Work item
Copy the full listing exactly.

++++ Data for the task

lemma poly_exp_flat_has_real_derivative:
  "(poly_exp_flat p has_real_derivative poly_exp_flat (monom 1 2 * (p - pderiv p)) t) (at t)"
proof (cases t "0 :: real" rule: linorder_cases)
  case less
  show ?thesis
    by (rule has_field_derivative_transform_within_open[of "\<lambda>_. 0" _ _ "{..<0}"])
       (use less in \<open>auto simp: poly_exp_flat_def\<close>)
next
  case equal
  have "((\<lambda>h. (poly_exp_flat p (0 + h) - poly_exp_flat p 0) / h) \<longlongrightarrow> 0) (at 0)"
  proof (rule filterlim_split_at)
    show "((\<lambda>h. (poly_exp_flat p (0 + h) - poly_exp_flat p 0) / h) \<longlongrightarrow> 0) (at_left 0)"
      by (rule tendsto_eventually)
         (auto simp: poly_exp_flat_def eventually_at_left_field intro!: exI[of _ "-1"])
    have "((\<lambda>y. poly (pCons 0 p) (inverse y) * exp (- inverse y)) \<longlongrightarrow> 0) (at_right 0)"
      by (rule filterlim_compose[OF poly_mult_exp_neg_tendsto_0 filterlim_inverse_at_top_right])
    then have "((\<lambda>y. poly (pCons 0 p) (1/y) * exp (-1/y)) \<longlongrightarrow> 0) (at_right 0)"
      by (simp add: inverse_eq_divide)
    then show "((\<lambda>h. (poly_exp_flat p (0 + h) - poly_exp_flat p 0) / h) \<longlongrightarrow> 0) (at_right 0)"
      apply (rule Lim_transform_eventually)
      by (auto simp: poly_exp_flat_def eventually_at_right_field intro!: exI[of _ 1])
  qed
  then show ?thesis
    using equal by (simp add: DERIV_def poly_exp_flat_def)
next
  case greater
  have d: "((\<lambda>t. poly p (1/t) * exp (-1/t)) has_real_derivative
      poly (pderiv p) (1/t) * (- 1 / t^2) * exp (-1/t) + poly p (1/t) * (exp (-1/t) * (1/t^2))) (at t)"
    using greater by (auto intro!: derivative_eq_intros simp: power2_eq_square field_simps)
  have e: "poly (pderiv p) (1/t) * (- 1 / t^2) * exp (-1/t) + poly p (1/t) * (exp (-1/t) * (1/t^2))
      = poly_exp_flat (monom 1 2 * (p - pderiv p)) t"
    using greater by (simp add: poly_exp_flat_def poly_monom algebra_simps power2_eq_square)
  show ?thesis
    apply (rule has_field_derivative_transform_within_open[of _ _ _ "{0<..}"])
    using d e greater by (auto simp: poly_exp_flat_def)
qed

lemma cinf_real_poly_exp_flat: "cinf_real (poly_exp_flat p)"
proof -
  have "\<exists>p. f = poly_exp_flat p \<Longrightarrow> cinf_real f" for f
  proof (coinduction arbitrary: f rule: cinf_real.coinduct)
    case cinf_real
    then show ?case using poly_exp_flat_has_real_derivative by blast
  qed
  then show ?thesis by blast
qed

section \<open>Smooth bump functions on boxes\<close>

definition flat_exp :: "real \<Rightarrow> real" where
  "flat_exp = poly_exp_flat 1"

lemma flat_exp_eq: "flat_exp t = (if t > 0 then exp (-1/t) else 0)"
  by (simp add: flat_exp_def poly_exp_flat_def)

lemma flat_exp_nonneg: "0 \<le> flat_exp t"
  by (simp add: flat_exp_eq)

lemma flat_exp_le_1: "flat_exp t \<le> 1"
  by (simp add: flat_exp_eq)
theorem mainTheorem2:
  fixes br :: "'a::euclidean_space \<Rightarrow> 'a \<Rightarrow> 'a"
    and g :: "'a \<Rightarrow> 'a \<Rightarrow> real"
    and z0 x0 :: 'a
    and z v :: "real \<Rightarrow> 'a"
  assumes br_bilinear: "bilinear br"
    and br_antisym: "\<And>x y. br x y = - br y x"
    and br_jacobi: "\<And>x y w. br x (br y w) + br y (br w x) + br w (br x y) = 0"
    and two_step: "\<And>x y w. br (br x y) w = 0"
    and g_bilinear: "bilinear g"
    and g_sym: "\<And>x y. g x y = g y x"
    and g_nondeg: "nondegenerate g"
    and g_nondeg_center: "nondegenerate_on g (center br)"
    and z0_in: "z0 \<in> center br"
    and x0_in: "x0 \<in> orth g (center br)"
    and z_in: "\<And>t. z t \<in> center br"
    and v_in: "\<And>t. v t \<in> orth g (center br)"
    and z_smooth: "smooth_curve z"
    and v_smooth: "smooth_curve v"
  shows "is_jacobi g br (\<lambda>t. z0 + expop (Jop g br z0) t x0)
            (\<lambda>t. z t + expop (Jop g br z0) t (v t))
         \<longleftrightarrow> (\<exists>\<zeta>\<in>center br. \<forall>t.
              vector_derivative z (at t)
                - br (expop (Jop g br z0) t (v t)) (expop (Jop g br z0) t x0) = \<zeta>
            \<and> expop (Jop g br z0) t (vector_derivative (\<lambda>s. vector_derivative v (at s)) (at t))
                + expop (Jop g br z0) t (Jop g br z0 (vector_derivative v (at t)))
                - Jop g br \<zeta> (expop (Jop g br z0) t x0) = 0)"
proof -
  interpret two_step_metric_lie_algebra br g
    using br_bilinear br_antisym two_step g_bilinear g_sym g_nondeg g_nondeg_center
    by unfold_locales
  show ?thesis
    by (rule jacobi_field_iff[OF z0_in x0_in z_in v_in z_smooth v_smooth])
qed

++++++++

Solved exercise
lemma poly_exp_flat_has_real_derivative:
  "(poly_exp_flat p has_real_derivative poly_exp_flat (monom 1 2 * (p - pderiv p)) t) (at t)"
proof (cases t "0 :: real" rule: linorder_cases)
  case less
  show ?thesis
    by (rule has_field_derivative_transform_within_open[of "\<lambda>_. 0" _ _ "{..<0}"])
       (use less in \<open>auto simp: poly_exp_flat_def\<close>)
next
  case equal
  have "((\<lambda>h. (poly_exp_flat p (0 + h) - poly_exp_flat p 0) / h) \<longlongrightarrow> 0) (at 0)"
  proof (rule filterlim_split_at)
    show "((\<lambda>h. (poly_exp_flat p (0 + h) - poly_exp_flat p 0) / h) \<longlongrightarrow> 0) (at_left 0)"
      by (rule tendsto_eventually)
         (auto simp: poly_exp_flat_def eventually_at_left_field intro!: exI[of _ "-1"])
    have "((\<lambda>y. poly (pCons 0 p) (inverse y) * exp (- inverse y)) \<longlongrightarrow> 0) (at_right 0)"
      by (rule filterlim_compose[OF poly_mult_exp_neg_tendsto_0 filterlim_inverse_at_top_right])
    then have "((\<lambda>y. poly (pCons 0 p) (1/y) * exp (-1/y)) \<longlongrightarrow> 0) (at_right 0)"
      by (simp add: inverse_eq_divide)
    then show "((\<lambda>h. (poly_exp_flat p (0 + h) - poly_exp_flat p 0) / h) \<longlongrightarrow> 0) (at_right 0)"
      apply (rule Lim_transform_eventually)
      by (auto simp: poly_exp_flat_def eventually_at_right_field intro!: exI[of _ 1])
  qed
  then show ?thesis
    using equal by (simp add: DERIV_def poly_exp_flat_def)
next
  case greater
  have d: "((\<lambda>t. poly p (1/t) * exp (-1/t)) has_real_derivative
      poly (pderiv p) (1/t) * (- 1 / t^2) * exp (-1/t) + poly p (1/t) * (exp (-1/t) * (1/t^2))) (at t)"
    using greater by (auto intro!: derivative_eq_intros simp: power2_eq_square field_simps)
  have e: "poly (pderiv p) (1/t) * (- 1 / t^2) * exp (-1/t) + poly p (1/t) * (exp (-1/t) * (1/t^2))
      = poly_exp_flat (monom 1 2 * (p - pderiv p)) t"
    using greater by (simp add: poly_exp_flat_def poly_monom algebra_simps power2_eq_square)
  show ?thesis
    apply (rule has_field_derivative_transform_within_open[of _ _ _ "{0<..}"])
    using d e greater by (auto simp: poly_exp_flat_def)
qed

lemma cinf_real_poly_exp_flat: "cinf_real (poly_exp_flat p)"
proof -
  have "\<exists>p. f = poly_exp_flat p \<Longrightarrow> cinf_real f" for f
  proof (coinduction arbitrary: f rule: cinf_real.coinduct)
    case cinf_real
    then show ?case using poly_exp_flat_has_real_derivative by blast
  qed
  then show ?thesis by blast
qed

section \<open>Smooth bump functions on boxes\<close>

definition flat_exp :: "real \<Rightarrow> real" where
  "flat_exp = poly_exp_flat 1"

lemma flat_exp_eq: "flat_exp t = (if t > 0 then exp (-1/t) else 0)"
  by (simp add: flat_exp_def poly_exp_flat_def)

lemma flat_exp_nonneg: "0 \<le> flat_exp t"
  by (simp add: flat_exp_eq)

lemma flat_exp_le_1: "flat_exp t \<le> 1"
  by (simp add: flat_exp_eq)
theorem mainTheorem2:
  fixes br :: "'a::euclidean_space \<Rightarrow> 'a \<Rightarrow> 'a"
    and g :: "'a \<Rightarrow> 'a \<Rightarrow> real"
    and z0 x0 :: 'a
    and z v :: "real \<Rightarrow> 'a"
  assumes br_bilinear: "bilinear br"
    and br_antisym: "\<And>x y. br x y = - br y x"
    and br_jacobi: "\<And>x y w. br x (br y w) + br y (br w x) + br w (br x y) = 0"
    and two_step: "\<And>x y w. br (br x y) w = 0"
    and g_bilinear: "bilinear g"
    and g_sym: "\<And>x y. g x y = g y x"
    and g_nondeg: "nondegenerate g"
    and g_nondeg_center: "nondegenerate_on g (center br)"
    and z0_in: "z0 \<in> center br"
    and x0_in: "x0 \<in> orth g (center br)"
    and z_in: "\<And>t. z t \<in> center br"
    and v_in: "\<And>t. v t \<in> orth g (center br)"
    and z_smooth: "smooth_curve z"
    and v_smooth: "smooth_curve v"
  shows "is_jacobi g br (\<lambda>t. z0 + expop (Jop g br z0) t x0)
            (\<lambda>t. z t + expop (Jop g br z0) t (v t))
         \<longleftrightarrow> (\<exists>\<zeta>\<in>center br. \<forall>t.
              vector_derivative z (at t)
                - br (expop (Jop g br z0) t (v t)) (expop (Jop g br z0) t x0) = \<zeta>
            \<and> expop (Jop g br z0) t (vector_derivative (\<lambda>s. vector_derivative v (at s)) (at t))
                + expop (Jop g br z0) t (Jop g br z0 (vector_derivative v (at t)))
                - Jop g br \<zeta> (expop (Jop g br z0) t x0) = 0)"
proof -
  interpret two_step_metric_lie_algebra br g
    using br_bilinear br_antisym two_step g_bilinear g_sym g_nondeg g_nondeg_center
    by unfold_locales
  show ?thesis
    by (rule jacobi_field_iff[OF z0_in x0_in z_in v_in z_smooth v_smooth])
qed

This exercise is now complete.